Dante Font

The font Dante was designed by Giovanni Mardersteig and is owned by the foundry Monotype. This font was issued in 1933 and was created to work nicely with Times New Roman in his printing press. Mardersteig started development on this type face right after the World War when his printing press was fully operational again. This is an elegant serif font easy to read for the publication agency to use in different books. This project shows Mardersteig’s attention to perfectionism with such an elegant yet easy to read font, showing his skill and mixing together his experience from working on Centaur and Monotype Bembo. This font is also inspired by Mardersteig’s true inspiration, Giambattista Bodoni, who gave him permission to use his typefaces. Dante is also exceptionally important because it was the last font that Mardersteig designed in his professional career, this font’s presentation shows Mardersetig’s need for perfectionism in his work as well. Dante was also his most successful design, loved by many different designers.  After 6 years of development, the typeface was used in Boccaccio’s Trattatello in Laude di Dante. The typeface was also named after this work. The Monotype foundry also convinced the designer to let them develop the font using machines. The Dante font is now a classic in the world of graphic design, used for publishing and other projects.

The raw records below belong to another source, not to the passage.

(* Let $(H,k,\chi)$ be an instance of Precoloring Extension with $H=(\{1,\dots,n\},F)$ having at least one edge and $\chi:V_0\to\{1,\dots,k\}$. Let $X=nk+1$; let $u_j=\chi(j)$, $\ell_j=\chi(j)$ for $j\in V_0$ and $u_j=k$, $\ell_j=1$ for $j\notin V_0$. Construct a $P_n\,|\,\mathrm{conc}\,|\,\sum C_j$ instance: jobs $1,\dots,n$ with $p_j=1$ and conflict graph initially $H$; for each $j\in\{1,\dots,n\}$, jobs $j(1),\dots,j(X)$ with processing time $X-u_j$, each in conflict with $j$, and for each $i\in\{1,\dots,X\}$ jobs $j(i,1),\dots,j(i,X)$ with processing time $u_j$, each in conflict with $j(i)$; for each $j\in V_0$ with $\chi(j)>1$, jobs $j^*(1),\dots,j^*(X)$ with processing time $\ell_j-1$, each in conflict with $j$ only. Let $K=\sum_{j=1}^n\big[(1+u_j)X^2+(\ell_j-1)X\big]+nk$. If $(H,k,\chi)$ has a solution $\chi':\{1,\dots,n\}\to\{1,\dots,k\}$, then the constructed instance has a feasible schedule with total completion time at most $K$.
   Context: Precoloring Extension: given a graph $H=(V,F)$, an integer $k$, and a proper coloring $\chi:V_0\to\{1,\dots,k\}$ of $H[V_0]$ for some $V_0\subseteq V$, a solution is a proper coloring $\chi':V\to\{1,\dots,k\}$ of $H$ with $\chi'(v)=\chi(v)$ for all $v\in V_0$. In $P_n\,|\,\mathrm{conc}\,|\,\sum C_j$, each job $j$ has integer processing time $p_j\ge1$ and release time $0$, and there is a conflict graph $G$ (the edges listed); a schedule assigning completion times $C_j\in\mathbb{N}$ is feasible if $C_j-p_j\ge0$ for all $j$ and $[C_i-p_i,C_i)\cap[C_j-p_j,C_j)=\emptyset$ for all conflicting pairs $\{i,j\}$; the total completion time is $\sum_j C_j$ over all jobs. *)

theory Defs
  imports Main
begin

definition graph_on :: "nat \<Rightarrow> nat set set \<Rightarrow> bool" where
  "graph_on n F \<longleftrightarrow> (\<forall>e\<in>F. e \<subseteq> {1..n} \<and> card e = 2)"

definition pce_instance :: "nat \<Rightarrow> nat set set \<Rightarrow> nat \<Rightarrow> nat set \<Rightarrow> (nat \<Rightarrow> nat) \<Rightarrow> bool" where
  "pce_instance n F k V0 chi \<longleftrightarrow> graph_on n F \<and> V0 \<subseteq> {1..n} \<and>
     (\<forall>v\<in>V0. chi v \<in> {1..k}) \<and>
     (\<forall>a\<in>V0. \<forall>b\<in>V0. {a,b} \<in> F \<longrightarrow> chi a \<noteq> chi b)"

definition pce_solution :: "nat \<Rightarrow> nat set set \<Rightarrow> nat \<Rightarrow> nat set \<Rightarrow> (nat \<Rightarrow> nat) \<Rightarrow> (nat \<Rightarrow> nat) \<Rightarrow> bool" where
  "pce_solution n F k V0 chi chi' \<longleftrightarrow>
     (\<forall>v\<in>{1..n}. chi' v \<in> {1..k}) \<and>
     (\<forall>a\<in>{1..n}. \<forall>b\<in>{1..n}. {a,b} \<in> F \<longrightarrow> chi' a \<noteq> chi' b) \<and>
     (\<forall>v\<in>V0. chi' v = chi v)"

definition feasible_schedule :: "'j set \<Rightarrow> ('j \<Rightarrow> nat) \<Rightarrow> 'j set set \<Rightarrow> ('j \<Rightarrow> nat) \<Rightarrow> bool" where
  "feasible_schedule J p E C \<longleftrightarrow>
     (\<forall>j\<in>J. p j \<le> C j) \<and>
     (\<forall>a b. {a,b} \<in> E \<longrightarrow> {C a - p a..<C a} \<inter> {C b - p b..<C b} = {})"

definition total_completion :: "'j set \<Rightarrow> ('j \<Rightarrow> nat) \<Rightarrow> nat" where
  "total_completion J C = (\<Sum>j\<in>J. C j)"

text \<open>Base j = job j; Aux j i = j(i); AuxAux j i m = j(i,m); Star j i = j*(i).\<close>
datatype job = Base nat | Aux nat nat | AuxAux nat nat nat | Star nat nat

definition bigX :: "nat \<Rightarrow> nat \<Rightarrow> nat" where
  "bigX n k = n * k + 1"

definition uu :: "nat \<Rightarrow> nat set \<Rightarrow> (nat \<Rightarrow> nat) \<Rightarrow> nat \<Rightarrow> nat" where
  "uu k V0 chi j = (if j \<in> V0 then chi j else k)"

definition ll :: "nat set \<Rightarrow> (nat \<Rightarrow> nat) \<Rightarrow> nat \<Rightarrow> nat" where
  "ll V0 chi j = (if j \<in> V0 then chi j else 1)"

definition red_jobs :: "nat \<Rightarrow> nat \<Rightarrow> nat set \<Rightarrow> (nat \<Rightarrow> nat) \<Rightarrow> job set" where
  "red_jobs n k V0 chi =
     {Base j | j. j \<in> {1..n}} \<union>
     {Aux j i | j i. j \<in> {1..n} \<and> i \<in> {1..bigX n k}} \<union>
     {AuxAux j i m | j i m. j \<in> {1..n} \<and> i \<in> {1..bigX n k} \<and> m \<in> {1..bigX n k}} \<union>
     {Star j i | j i. j \<in> V0 \<and> chi j > 1 \<and> i \<in> {1..bigX n k}}"

fun red_p :: "nat \<Rightarrow> nat \<Rightarrow> nat set \<Rightarrow> (nat \<Rightarrow> nat) \<Rightarrow> job \<Rightarrow> nat" where
  "red_p n k V0 chi (Base j) = 1"
| "red_p n k V0 chi (Aux j i) = bigX n k - uu k V0 chi j"
| "red_p n k V0 chi (AuxAux j i m) = uu k V0 chi j"
| "red_p n k V0 chi (Star j i) = ll V0 chi j - 1"

definition red_edges :: "nat \<Rightarrow> nat set set \<Rightarrow> nat \<Rightarrow> nat set \<Rightarrow> (nat \<Rightarrow> nat) \<Rightarrow> job set set" where
  "red_edges n F k V0 chi =
     {{Base a, Base b} | a b. {a,b} \<in> F} \<union>
     {{Aux j i, Base j} | j i. j \<in> {1..n} \<and> i \<in> {1..bigX n k}} \<union>
     {{AuxAux j i m, Aux j i} | j i m. j \<in> {1..n} \<and> i \<in> {1..bigX n k} \<and> m \<in> {1..bigX n k}} \<union>
     {{Star j i, Base j} | j i. j \<in> V0 \<and> chi j > 1 \<and> i \<in> {1..bigX n k}}"

definition red_K :: "nat \<Rightarrow> nat \<Rightarrow> nat set \<Rightarrow> (nat \<Rightarrow> nat) \<Rightarrow> nat" where
  "red_K n k V0 chi =
     (\<Sum>j=1..n. (1 + uu k V0 chi j) * (bigX n k)^2 + (ll V0 chi j - 1) * bigX n k) + n * k"

end

theory Submission
  imports Defs
begin

text \<open>
  The colour \<open>c j\<close> of vertex \<open>j\<close> becomes the unit time slot \<open>[c j - 1, c j)\<close> of job \<open>j\<close>, so
  adjacent vertices get disjoint slots. Every \<open>j(i,m)\<close> runs in \<open>[0, u j)\<close> and every \<open>j(i)\<close>
  in \<open>[u j, X)\<close>, which avoids job \<open>j\<close> because \<open>c j \<le> u j\<close>; every \<open>j*(i)\<close> runs in
  \<open>[0, \<ell> j - 1)\<close>, which for a precoloured \<open>j\<close> is exactly the time before the slot of \<open>j\<close>.
  Per vertex the completion times then add up to \<open>(1 + u j) X\<^sup>2 + (\<ell> j - 1) X + c j\<close>,
  and \<open>c j \<le> k\<close>.
\<close>

fun red_schedule :: "nat \<Rightarrow> nat \<Rightarrow> nat set \<Rightarrow> (nat \<Rightarrow> nat) \<Rightarrow> (nat \<Rightarrow> nat) \<Rightarrow> job \<Rightarrow> nat" where
  "red_schedule n k V0 chi c (Base j) = c j"
| "red_schedule n k V0 chi c (Aux j i) = bigX n k"
| "red_schedule n k V0 chi c (AuxAux j i m) = uu k V0 chi j"
| "red_schedule n k V0 chi c (Star j i) = ll V0 chi j - 1"

lemma atLeastLessThan_diff_disjoint:
  fixes a b p q :: nat
  assumes "a \<le> b - q"
  shows "{a - p..<a} \<inter> {b - q..<b} = {}"
  using assms by auto

lemma red_edges_cases:
  assumes "{x, y} \<in> red_edges n F k V0 chi"
  obtains (base) a b where "{x, y} = {Base a, Base b}" "{a, b} \<in> F"
  | (aux) j i where "{x, y} = {Aux j i, Base j}" "j \<in> {1..n}"
  | (aux_aux) j i m where "{x, y} = {AuxAux j i m, Aux j i}" "j \<in> {1..n}"
  | (star) j i where "{x, y} = {Star j i, Base j}" "j \<in> V0" "1 < chi j"
  using assms unfolding red_edges_def by blast

lemma red_schedule_feasible:
  assumes inst: "pce_instance n F k V0 chi"
    and sol: "pce_solution n F k V0 chi c"
  shows "feasible_schedule (red_jobs n k V0 chi) (red_p n k V0 chi) (red_edges n F k V0 chi)
           (red_schedule n k V0 chi c)"
proof -
  define C where "C = red_schedule n k V0 chi c"
  define p where "p = red_p n k V0 chi"
  define separated where "separated x y \<longleftrightarrow> {C x - p x..<C x} \<inter> {C y - p y..<C y} = {}" for x y
  have separated_sym: "separated x y \<longleftrightarrow> separated y x" for x y
    unfolding separated_def by blast
  have colour_range: "1 \<le> c j" "c j \<le> k" if "j \<in> {1..n}" for j
    using sol that unfolding pce_solution_def by auto
  have colour_le_uu: "c j \<le> uu k V0 chi j" if "j \<in> {1..n}" for j
    using sol colour_range[OF that] unfolding pce_solution_def uu_def by auto
  have uu_le_bigX: "uu k V0 chi j \<le> bigX n k" if "j \<in> {1..n}" for j
  proof -
    have "uu k V0 chi j \<le> k"
      using inst unfolding pce_instance_def uu_def by auto
    moreover have "k \<le> n * k"
      using that by simp
    ultimately show ?thesis
      unfolding bigX_def by linarith
  qed
  have "separated x y" if "{x, y} \<in> red_edges n F k V0 chi" for x y
    using that
  proof (cases rule: red_edges_cases)
    case (base a b)
    have "{a, b} \<subseteq> {1..n}" "card {a, b} = 2"
      using inst base(2) unfolding pce_instance_def graph_on_def by auto
    then have "a \<in> {1..n}" "b \<in> {1..n}" "a \<noteq> b"
      by (auto simp: card_insert_if split: if_splits)
    then have "c a \<noteq> c b"
      using sol base(2) unfolding pce_solution_def by blast
    then have "separated (Base a) (Base b)"
      by (auto simp: separated_def C_def p_def)
    then show ?thesis
      using base(1) separated_sym by (auto simp: doubleton_eq_iff)
  next
    case (aux j i)
    have "separated (Base j) (Aux j i)"
      unfolding separated_def C_def p_def
      using colour_le_uu[OF aux(2)] uu_le_bigX[OF aux(2)]
      by (intro atLeastLessThan_diff_disjoint) simp
    then show ?thesis
      using aux(1) separated_sym by (auto simp: doubleton_eq_iff)
  next
    case (aux_aux j i m)
    have "separated (AuxAux j i m) (Aux j i)"
      unfolding separated_def C_def p_def
      using uu_le_bigX[OF aux_aux(2)]
      by (intro atLeastLessThan_diff_disjoint) simp
    then show ?thesis
      using aux_aux(1) separated_sym by (auto simp: doubleton_eq_iff)
  next
    case (star j i)
    have "c j = chi j"
      using sol star(2) unfolding pce_solution_def by blast
    then have "separated (Star j i) (Base j)"
      unfolding separated_def C_def p_def
      using star(2) by (intro atLeastLessThan_diff_disjoint) (simp add: ll_def)
    then show ?thesis
      using star(1) separated_sym by (auto simp: doubleton_eq_iff)
  qed
  moreover have "p x \<le> C x" if "x \<in> red_jobs n k V0 chi" for x
    using that colour_range unfolding red_jobs_def C_def p_def by auto
  ultimately show ?thesis
    unfolding feasible_schedule_def separated_def C_def p_def by blast
qed

lemma sum_image_case_prod:
  assumes "inj_on (case_prod f) (A \<times> B)"
  shows "sum g (case_prod f ` (A \<times> B)) = (\<Sum>a\<in>A. \<Sum>b\<in>B. g (f a b))"
  using assms by (simp add: sum.reindex sum.cartesian_product case_prod_unfold)

lemma red_jobs_eq:
  "red_jobs n k V0 chi =
     Base ` {1..n} \<union> case_prod Aux ` ({1..n} \<times> {1..bigX n k})
     \<union> (\<lambda>(j, i, m). AuxAux j i m) ` ({1..n} \<times> {1..bigX n k} \<times> {1..bigX n k})
     \<union> case_prod Star ` ({j \<in> V0. 1 < chi j} \<times> {1..bigX n k})"
  unfolding red_jobs_def by (rule set_eqI) (auto simp: image_iff)

lemma sum_red_jobs:
  fixes g :: "job \<Rightarrow> 'a::comm_monoid_add"
  assumes "V0 \<subseteq> {1..n}"
  shows "sum g (red_jobs n k V0 chi) =
           (\<Sum>j=1..n. g (Base j))
           + (\<Sum>j=1..n. \<Sum>i=1..bigX n k. g (Aux j i))
           + (\<Sum>j=1..n. \<Sum>i=1..bigX n k. \<Sum>m=1..bigX n k. g (AuxAux j i m))
           + (\<Sum>j\<in>{j \<in> V0. 1 < chi j}. \<Sum>i=1..bigX n k. g (Star j i))"
proof -
  define N where "N = {1..n}"
  define I where "I = {1..bigX n k}"
  define S where "S = {j \<in> V0. 1 < chi j}"
  let ?A = "Base ` N" and ?B = "case_prod Aux ` (N \<times> I)"
    and ?C = "(\<lambda>(j, i, m). AuxAux j i m) ` (N \<times> I \<times> I)" and ?D = "case_prod Star ` (S \<times> I)"
  have fin: "finite N" "finite I" "finite S"
    using assms unfolding N_def I_def S_def by (auto intro: finite_subset)
  have "sum g (red_jobs n k V0 chi) = sum g (?A \<union> ?B \<union> ?C \<union> ?D)"
    unfolding red_jobs_eq N_def I_def S_def ..
  also have "\<dots> = sum g (?A \<union> ?B \<union> ?C) + sum g ?D"
    using fin by (intro sum.union_disjoint) auto
  also have "sum g (?A \<union> ?B \<union> ?C) = sum g (?A \<union> ?B) + sum g ?C"
    using fin by (intro sum.union_disjoint) auto
  also have "sum g (?A \<union> ?B) = sum g ?A + sum g ?B"
    using fin by (intro sum.union_disjoint) auto
  also have "sum g ?A = (\<Sum>j\<in>N. g (Base j))"
    by (simp add: sum.reindex inj_on_def)
  also have "sum g ?B = (\<Sum>j\<in>N. \<Sum>i\<in>I. g (Aux j i))"
    by (simp add: sum_image_case_prod inj_on_def)
  also have "sum g ?C = (\<Sum>j\<in>N. \<Sum>i\<in>I. \<Sum>m\<in>I. g (AuxAux j i m))"
    using sum_image_case_prod[of "\<lambda>j. case_prod (AuxAux j)" N "I \<times> I" g]
    by (simp add: inj_on_def sum.cartesian_product')
  also have "sum g ?D = (\<Sum>j\<in>S. \<Sum>i\<in>I. g (Star j i))"
    by (simp add: sum_image_case_prod inj_on_def)
  finally show ?thesis
    unfolding N_def I_def S_def .
qed

lemma red_total_completion:
  assumes "V0 \<subseteq> {1..n}"
  shows "total_completion (red_jobs n k V0 chi) (red_schedule n k V0 chi c) =
           (\<Sum>j=1..n. c j)
           + (\<Sum>j=1..n. (1 + uu k V0 chi j) * (bigX n k)\<^sup>2 + (ll V0 chi j - 1) * bigX n k)"
proof -
  define X where "X = bigX n k"
  define u where "u = uu k V0 chi"
  define l where "l = ll V0 chi"
  have "total_completion (red_jobs n k V0 chi) (red_schedule n k V0 chi c) =
          (\<Sum>j=1..n. c j) + (\<Sum>j=1..n. X * X) + (\<Sum>j=1..n. X * X * u j)
          + (\<Sum>j\<in>{j \<in> V0. 1 < chi j}. X * (l j - 1))"
    unfolding total_completion_def sum_red_jobs[OF assms] by (simp add: X_def u_def l_def mult.assoc)
  also have "(\<Sum>j\<in>{j \<in> V0. 1 < chi j}. X * (l j - 1)) = (\<Sum>j=1..n. X * (l j - 1))"
    \<comment> \<open>Off this set the processing time \<open>l j - 1\<close> of the star jobs vanishes.\<close>
    using assms by (intro sum.mono_neutral_left) (auto simp: l_def ll_def)
  also have "(\<Sum>j=1..n. c j) + (\<Sum>j=1..n. X * X) + (\<Sum>j=1..n. X * X * u j)
      + (\<Sum>j=1..n. X * (l j - 1))
      = (\<Sum>j=1..n. c j) + (\<Sum>j=1..n. (1 + u j) * X\<^sup>2 + (l j - 1) * X)"
    by (simp add: sum.distrib power2_eq_square algebra_simps)
  finally show ?thesis
    unfolding X_def u_def l_def .
qed

theorem lemma11:
  fixes n k :: nat and F :: "nat set set" and V0 :: "nat set" and chi :: "nat \<Rightarrow> nat"
  assumes "pce_instance n F k V0 chi"
    and "F \<noteq> {}"
    and "\<exists>chi'. pce_solution n F k V0 chi chi'"
  shows "\<exists>C. feasible_schedule (red_jobs n k V0 chi) (red_p n k V0 chi) (red_edges n F k V0 chi) C
           \<and> total_completion (red_jobs n k V0 chi) C \<le> red_K n k V0 chi"
proof -
  obtain c where sol: "pce_solution n F k V0 chi c"
    using assms(3) by blast
  have "V0 \<subseteq> {1..n}"
    using assms(1) unfolding pce_instance_def by blast
  have "c j \<le> k" if "j \<in> {1..n}" for j
    using sol that unfolding pce_solution_def by auto
  then have "(\<Sum>j=1..n. c j) \<le> n * k"
    using sum_bounded_above[of "{1..n}" c k] by simp
  then have "total_completion (red_jobs n k V0 chi) (red_schedule n k V0 chi c) \<le> red_K n k V0 chi"
    unfolding red_total_completion[OF \<open>V0 \<subseteq> {1..n}\<close>] red_K_def by linarith
  then show ?thesis
    using red_schedule_feasible[OF assms(1) sol] by blast
qed

end
(* Let $\mathbb{F}$ be a field, let $A$ be a matrix over $\mathbb{F}$ with $n$ columns, and let $B$ be a matrix over $\mathbb{F}$ with $n$ columns whose row space is the orthogonal complement $W^\perp=\{x\in\mathbb{F}^n: x\cdot w=0\ \forall w\in W\}$ of the row space $W$ of $A$ (so that $M(B)$ represents the dual matroid $M(A)^*$). Then $\mathrm{csd}(M(A))=\mathrm{dsd}(M(B))$.
   Context: Here $x\cdot w=\sum_i x_iw_i$. $M(A)$ is the column matroid of $A$ (ground set: the columns, indexed by $\{1,\dots,n\}$; independent sets: linearly independent sets of columns). A matroid is connected if any two elements lie in a common circuit; components are maximal connected restrictions. Contraction$^*$-depth: for a matrix $A$ with $m$ rows and a subspace $K\subseteq\mathbb{F}^m$, let $M(A,K)$ be the matroid on the columns where a set $\{u_1,\dots,u_\ell\}$ is dependent iff some $\sum\alpha_iu_i\in K$ with not all $\alpha_i=0$. Set $\mathrm{csd}(A,K)=0$ if $M(A,K)$ has rank $0$; otherwise if $M(A,K)$ is disconnected, $\mathrm{csd}(A,K)=\max_C \mathrm{csd}(A_C,K)$ over components $C$ ($A_C$ the submatrix of columns in $C$); otherwise $\mathrm{csd}(A,K)=1+\min_{v\in\mathbb{F}^m}\mathrm{csd}(A,K+\mathrm{span}(v))$; and $\mathrm{csd}(M(A))=\mathrm{csd}(A,\{0\})$. Deletion$^*$-depth: for a matrix $B$ with $n$ columns, $\mathrm{dsd}(M(B))=0$ if the rank of $M(B)$ equals its number of elements; otherwise if $M(B)$ is disconnected, $\mathrm{dsd}(M(B))$ is the maximum of $\mathrm{dsd}(M(B_C))$ over the components $C$; otherwise $\mathrm{dsd}(M(B))=1+\min_{v\in\mathbb{F}^n}\mathrm{dsd}(M(B\oplus v^\top))$, where $B\oplus v^\top$ is $B$ with the row $v^\top$ appended. *)

theory Defs
  imports "Jordan_Normal_Form.Matrix"
begin

text \<open>Matrices are Jordan_Normal_Form matrices over a field; columns of A are indexed by
  0..<dim_col A. A column submatrix A_C is represented by the pair (A, C) with C a set of
  column indices.\<close>

definition lincomb_cols :: "'a::field mat \<Rightarrow> (nat \<Rightarrow> 'a) \<Rightarrow> nat set \<Rightarrow> 'a vec" where
  "lincomb_cols A \<alpha> S = vec (dim_row A) (\<lambda>r. \<Sum>i\<in>S. \<alpha> i * A $$ (r, i))"

definition mdep :: "'a::field mat \<Rightarrow> 'a vec set \<Rightarrow> nat set \<Rightarrow> bool" where
  "mdep A K S \<longleftrightarrow> (\<exists>\<alpha>. (\<exists>i\<in>S. \<alpha> i \<noteq> 0) \<and> lincomb_cols A \<alpha> S \<in> K)"

definition mindep :: "'a::field mat \<Rightarrow> 'a vec set \<Rightarrow> nat set \<Rightarrow> bool" where
  "mindep A K S \<longleftrightarrow> \<not> mdep A K S"

definition mrank :: "'a::field mat \<Rightarrow> 'a vec set \<Rightarrow> nat set \<Rightarrow> nat" where
  "mrank A K E = Max {card S | S. S \<subseteq> E \<and> mindep A K S}"

definition mcircuit :: "'a::field mat \<Rightarrow> 'a vec set \<Rightarrow> nat set \<Rightarrow> bool" where
  "mcircuit A K S \<longleftrightarrow> mdep A K S \<and> (\<forall>T. T \<subset> S \<longrightarrow> mindep A K T)"

definition mconnected :: "'a::field mat \<Rightarrow> 'a vec set \<Rightarrow> nat set \<Rightarrow> bool" where
  "mconnected A K E \<longleftrightarrow>
     (\<forall>e\<in>E. \<forall>f\<in>E. e \<noteq> f \<longrightarrow> (\<exists>S. mcircuit A K S \<and> S \<subseteq> E \<and> e \<in> S \<and> f \<in> S))"

definition mcomponent :: "'a::field mat \<Rightarrow> 'a vec set \<Rightarrow> nat set \<Rightarrow> nat set \<Rightarrow> bool" where
  "mcomponent A K E C \<longleftrightarrow> C \<noteq> {} \<and> C \<subseteq> E \<and> mconnected A K C \<and>
     (\<forall>C'. C \<subset> C' \<and> C' \<subseteq> E \<longrightarrow> \<not> mconnected A K C')"

definition add_span :: "'a::field vec set \<Rightarrow> 'a vec \<Rightarrow> 'a vec set" where
  "add_span K v = {k + c \<cdot>\<^sub>v v | k c. k \<in> K}"

text \<open>csd_le A K E d  means  csd(A_E, K) \<le> d  (least fixed point reading of the recursion).\<close>
inductive csd_le :: "'a::field mat \<Rightarrow> 'a vec set \<Rightarrow> nat set \<Rightarrow> nat \<Rightarrow> bool" for A where
  rank0: "mrank A K E = 0 \<Longrightarrow> csd_le A K E d"
| disc: "mrank A K E \<noteq> 0 \<Longrightarrow> \<not> mconnected A K E \<Longrightarrow>
          (\<forall>C. mcomponent A K E C \<longrightarrow> csd_le A K C d) \<Longrightarrow> csd_le A K E d"
| conn: "mrank A K E \<noteq> 0 \<Longrightarrow> mconnected A K E \<Longrightarrow> v \<in> carrier_vec (dim_row A) \<Longrightarrow>
          csd_le A (add_span K v) E d \<Longrightarrow> csd_le A K E (Suc d)"

definition csd :: "'a::field mat \<Rightarrow> nat" where
  "csd A = (LEAST d. csd_le A {0\<^sub>v (dim_row A)} {0..<dim_col A} d)"

text \<open>dsd_le B E d  means  dsd(M(B_E)) \<le> d. M(B) is M(B,{0}).
  Appending a row v to B_E is represented by appending a row v \<in> F^n to B (entries of v
  outside E are irrelevant).\<close>
inductive dsd_le :: "'a::field mat \<Rightarrow> nat set \<Rightarrow> nat \<Rightarrow> bool" where
  indep: "mrank B {0\<^sub>v (dim_row B)} E = card E \<Longrightarrow> dsd_le B E d"
| disc: "mrank B {0\<^sub>v (dim_row B)} E \<noteq> card E \<Longrightarrow> \<not> mconnected B {0\<^sub>v (dim_row B)} E \<Longrightarrow>
          (\<forall>C. mcomponent B {0\<^sub>v (dim_row B)} E C \<longrightarrow> dsd_le B C d) \<Longrightarrow> dsd_le B E d"
| conn: "mrank B {0\<^sub>v (dim_row B)} E \<noteq> card E \<Longrightarrow> mconnected B {0\<^sub>v (dim_row B)} E \<Longrightarrow>
          v \<in> carrier_vec (dim_col B) \<Longrightarrow>
          dsd_le (B @\<^sub>r mat_of_rows (dim_col B) [v]) E d \<Longrightarrow> dsd_le B E (Suc d)"

definition dsd :: "'a::field mat \<Rightarrow> nat" where
  "dsd B = (LEAST d. dsd_le B {0..<dim_col B} d)"

definition row_space :: "'a::field mat \<Rightarrow> 'a vec set" where
  "row_space A = {vec (dim_col A) (\<lambda>j. \<Sum>i<dim_row A. c i * A $$ (i, j)) | c. True}"

definition orth_compl :: "nat \<Rightarrow> 'a::field vec set \<Rightarrow> 'a vec set" where
  "orth_compl n W = {x \<in> carrier_vec n. \<forall>w\<in>W. x \<bullet> w = 0}"

end

theory Submission
  imports Defs
begin

text \<open>All matroids involved are matroids of coordinate subspaces: for a subspace X of
  functions supported on E, a set S is dependent iff some nonzero vector of X is supported on S.
  The restriction of M(A,K) to E is the matroid of the space X of coefficient vectors x on E
  with x_1 a_1 + ... + x_n a_n in K, and the restriction of M(B) to E is that of the kernel of B.
  As long as the kernel of B is the orthogonal complement of X, the recursions defining csd and
  dsd run in lockstep: every element of M(A,K) is a loop iff the complement is zero, i.e. M(B) is
  free; two elements lie in a common circuit iff no separator (a set S such that restricting
  vectors of X to S stays in X) contains one but not the other, and X and its complement have
  the same separators, so the two matroids have the same components and restricting to a
  component preserves the duality; finally adding span v to K adjoins one vector u to X, which
  cuts the complement down to the vectors orthogonal to u, i.e. appends the row u to B.
  Initially the kernel of B is the complement of the kernel of A because the row space of B is
  the complement of the row space of A.\<close>

section \<open>Matroids of coordinate subspaces\<close>

definition supp_in :: "(nat \<Rightarrow> 'a::zero) \<Rightarrow> nat set \<Rightarrow> bool" where
  "supp_in x S \<longleftrightarrow> (\<forall>i. i \<notin> S \<longrightarrow> x i = 0)"

definition restr0 :: "(nat \<Rightarrow> 'a::zero) \<Rightarrow> nat set \<Rightarrow> nat \<Rightarrow> 'a" where
  "restr0 x S = (\<lambda>i. if i \<in> S then x i else 0)"
(* Let $R$ be a ring and $n\ge 1$ an integer, and let $R_n$ be the subring of $n\times n$ upper triangular matrices over $R$ whose diagonal entries are all equal, i.e. matrices $(a_{ij})$ with $a_{ij}=0$ for $i>j$, $a_{11}=a_{22}=\dots=a_{nn}$, and arbitrary $a_{ij}\in R$ for $i<j$. Then $R$ is NJ-symmetric if and only if $R_n$ is NJ-symmetric.
   Context: Rings are associative with identity. $N(S)$ is the set of nilpotent elements, $J(S)$ the Jacobson radical of a ring $S$. $S$ is NJ-symmetric if for all $a,b,c\in S$, $abc\in N(S)$ implies $bac\in J(S)$. *)

theory Defs
  imports "HOL-Algebra.Algebra"
begin

definition nilpotents :: "('a, 'b) ring_scheme \<Rightarrow> 'a set" where
  "nilpotents S = {a \<in> carrier S. \<exists>k::nat. a [^]\<^bsub>S\<^esub> k = \<zero>\<^bsub>S\<^esub>}"

definition left_ideal :: "'a set \<Rightarrow> ('a, 'b) ring_scheme \<Rightarrow> bool" where
  "left_ideal I S \<longleftrightarrow> additive_subgroup I S \<and>
     (\<forall>x\<in>carrier S. \<forall>a\<in>I. x \<otimes>\<^bsub>S\<^esub> a \<in> I)"

definition maximal_left_ideal :: "'a set \<Rightarrow> ('a, 'b) ring_scheme \<Rightarrow> bool" where
  "maximal_left_ideal I S \<longleftrightarrow> left_ideal I S \<and> I \<noteq> carrier S \<and>
     (\<forall>J. left_ideal J S \<and> I \<subseteq> J \<longrightarrow> J = I \<or> J = carrier S)"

Dante® font family typeface story. Fonts.com. (n.d.). Retrieved April 5, 2022, from https://www.fonts.com/font/monotype/dante/story

Discussion — One Response

  • Eryn Szwarckop 04/15/2022 on 10:21 PM

    Hi Savannah!
    I enjoyed reading your post on this font. This may be due to my poor eyesight, but when I first looked at and tried to read this font, I found myself squinting and doing a double take to make sure I could read what the words were saying. Some of the letters almost flow completely together, making it hard to read easily at first glance. Your point on how this font was made to work nicely with Times New Roman was interesting, as I view this font as looking similar to Times New Roman except in all capital letters. I am not sure if I could comfortably sit down and read a book that was printed in this font. What do you think?